Heavy metal cadmium (Cd) was an environmental pollutant, which could result in kidney injury and bone loss. After Cd entered the human body, the half-life of Cd was very long, about 10–30 years. Therefore, even under low-dose exposure, the long-term accumulation of cadmium would make it potentially toxic. Cd could promote the expression of enzymes related to the degradation of extracellular matrix in articular cartilage, such as metalloproteinases (MMP1, MMP3, MMP9 and MMP13), affecting COL II and aggrecan. IL-1 and IL-6 were associated with inflammatory responses and reduced the presence of glycosaminoglycans with proteoglycans by producing reactive oxygen species (19). At the same time, the pathogenesis of OA might be related to Cd induced chondrocyte injury. In addition, after Cd exposure, the high expression of metallothionein might reduce the sensitivity of OA to Cd (22). In Cd induced osteoporosis, osteoblasts might maintain their normal activity despite abnormal bone formation of osteoblasts and bone resorption of osteoclasts (17). In conclusion, the dysfunction of osteoblasts and osteoclasts might be the main cause of Cd induced osteoporosis.

By contrary, Manganese could slow down the degeneration of articular cartilage and was conducive to the repair of articular cartilage. Das et al. reported that the combined use of manganese, glucosamine, and chondroitin could regulate the metabolism of articular cartilage matrix, alleviate OA symptoms and improve imaging indicators (23). Manganese deficiency impaired glycosaminoglycan biosynthesis, leading to cartilage dysplasia characterized by OA and deformity (18).

As for metallic mercury, previous studies suggested that mercury was closely related to the occurrence of osteoarthritis and they found that Hg levels in the anterior cruciate ligament significantly increased in women under the age of 65 with spinal degenerative diseases (24). Hg in bones might be related to BMI, anatomical differences and gender. In this study, the correlation of Hg and OA was not confirmed, which might be due to the limitation of cross-sectional study design.

Finally, it was reported that several aspects of the relationship between Se and osteoarthritis remained controversial (25). Firstly, there was no difference in Se levels between OA and normal tissues. Secondly, the beneficial effect of Se supplementation on alleviating OA symptoms was uncertain (26).

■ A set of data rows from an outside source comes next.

text \<open>Morse property: replace the endpoints of a quasi-geodesic with endpoints on g, and those of
  the corresponding subsegment of g, by nearby points of f(Y); DT-stability applies to the two
  resulting quasi-geodesics.\<close>
lemma DT_constant_geodesic_Morse:
  fixes f :: "'b::metric_space \<Rightarrow> 'a::metric_space"
  assumes Rf: "\<And>K C. K \<ge> 1 \<Longrightarrow> C \<ge> 0 \<Longrightarrow> DT_constant f K C (Rf K C)"
    and gs: "geodesic_seg g L x y" and near: "\<And>r. r \<in> {0..L} \<Longrightarrow> infdist (g r) (range f) < D"
  shows "N_morse (\<lambda>K C. max 0 (Rf K (C + 2 * D)) + 2 * D) g L"
  unfolding N_morse_def
proof (intro allI impI ballI)
  fix K C q a b u
  assume K: "K \<ge> 1" and C: "C \<ge> 0" and q: "quasi_geodesic K C q a b"
    and "q a \<in> g ` {0..L}" "q b \<in> g ` {0..L}" and u: "u \<in> {a..b}"
  then obtain s t where s: "s \<in> {0..L}" "q a = g s" and t: "t \<in> {0..L}" "q b = g t" by auto
  let ?G = "g ` {0..L}"
  have iso: "\<And>v w. v \<in> {0..L} \<Longrightarrow> w \<in> {0..L} \<Longrightarrow> dist (g v) (g w) = \<bar>v - w\<bar>"
    using gs unfolding geodesic_seg_def by auto
  have "\<forall>r\<in>{0..L}. \<exists>p\<in>range f. dist (g r) p \<le> D"
    using near by (simp add: infdist_less_iff) (metis atLeastAtMost_iff less_imp_le)
  then obtain pf where pf: "\<And>r. r \<in> {0..L} \<Longrightarrow> pf r \<in> range f \<and> dist (g r) (pf r) \<le> D"
    by metis
  have D: "D \<ge> 0" using pf[OF s(1)] zero_le_dist order_trans by blast
  have ps: "dist (g s) (pf s) \<le> D" and pt: "dist (g t) (pf t) \<le> D" using pf s(1) t(1) by auto
  have "dist (q a) (pf s) \<le> D" "dist (q b) (pf t) \<le> D" using ps pt s(2) t(2) by simp_all
  moreover have "pf s = pf t" if "a = b"
    using iso[OF s(1) t(1)] s(2) t(2) that by simp
  ultimately obtain q' where q': "quasi_geodesic K (C + 2 * D) q' a b" "q' a = pf s" "q' b = pf t"
    and q'_close: "\<forall>v\<in>{a..b}. dist (q' v) (q v) \<le> D"
    using quasi_geodesic_move_endpoints[OF q] by blast
  obtain \<rho> where \<rho>: "geodesic_seg \<rho> \<bar>t - s\<bar> (g s) (g t)" and \<rho>G: "\<rho> ` {0..\<bar>t - s\<bar>} \<subseteq> ?G"
    using geodesic_seg_subsegment[OF gs s(1) t(1)] .
  have \<rho>_ends: "\<rho> 0 = g s" "\<rho> \<bar>t - s\<bar> = g t" using \<rho> unfolding geodesic_seg_def by blast+
  have "dist (\<rho> 0) (pf s) \<le> D" "dist (\<rho> \<bar>t - s\<bar>) (pf t) \<le> D" using ps pt \<rho>_ends by simp_all
  moreover have "pf s = pf t" if "0 = \<bar>t - s\<bar>" using that by simp
  ultimately obtain \<rho>' where \<rho>': "quasi_geodesic K (C + 2 * D) \<rho>' 0 \<bar>t - s\<bar>" "\<rho>' 0 = pf s" "\<rho>' \<bar>t - s\<bar> = pf t"
    and \<rho>'_close: "\<forall>v\<in>{0..\<bar>t - s\<bar>}. dist (\<rho>' v) (\<rho> v) \<le> D"
    using quasi_geodesic_move_endpoints[OF geodesic_seg_imp_quasi_geodesic[OF \<rho> K C]] by blast
  let ?P = "\<rho>' ` {0..\<bar>t - s\<bar>}"
  have P_near_G: "\<forall>w\<in>?P. infdist w ?G \<le> D"
  proof
    fix w assume "w \<in> ?P"
    then obtain v where v: "v \<in> {0..\<bar>t - s\<bar>}" "w = \<rho>' v" by auto
    then have "\<rho> v \<in> ?G" using \<rho>G by auto
    then show "infdist w ?G \<le> D" using \<rho>'_close v by (intro infdist_le2) auto
  qed
  have "C + 2 * D \<ge> 0" using C D by simp
  have "infdist (q u) ?G \<le> infdist (q' u) ?G + dist (q u) (q' u)" by (rule infdist_triangle)
  also have "\<dots> \<le> infdist (q' u) ?P + D + D"
  proof -
    have "dist (q u) (q' u) \<le> D" using q'_close u by (simp add: dist_commute)
    then show ?thesis using infdist_le_infdist_plus[OF P_near_G, of "q' u"] by simp
  qed
  also have "\<dots> \<le> hausdorff_dist (q' ` {a..b}) ?P + 2 * D"
    using infdist_le_hausdorff_dist[OF quasi_geodesic_bounded[OF q'(1)], of ?P "q' u"] u by simp
  also have "\<dots> < Rf K (C + 2 * D) + 2 * D"
    using DT_constantD[OF Rf[OF K \<open>C + 2 * D \<ge> 0\<close>] q'(1) \<rho>'(1)] q'(2,3) \<rho>'(2,3)
      pf[OF s(1)] pf[OF t(1)] by simp
  finally show "infdist (q u) ?G \<le> max 0 (Rf K (C + 2 * D)) + 2 * D" by simp
qed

Smoking was proved a risk factor for OA, and we found several interesting results in the further analysis. The smoking subgroup results showed that smoking might alleviate the association between Pb and OA a little, but might accelerate the correlation between Cd and OA. Non-smoking might obviously reduce the association between Pb and OA as well as the correlation between Cd and OA. The results of Ho study showed that smoking and lead exposure had a synergistic effect, which increased the oxidative stress in the human body (27). People with some gene variants might be sensitive to Pb and smoking through oxidative stress, suggesting that smoking cessation was an important issue in the Pb-exposed working environment. This conclusion was consistent with our results.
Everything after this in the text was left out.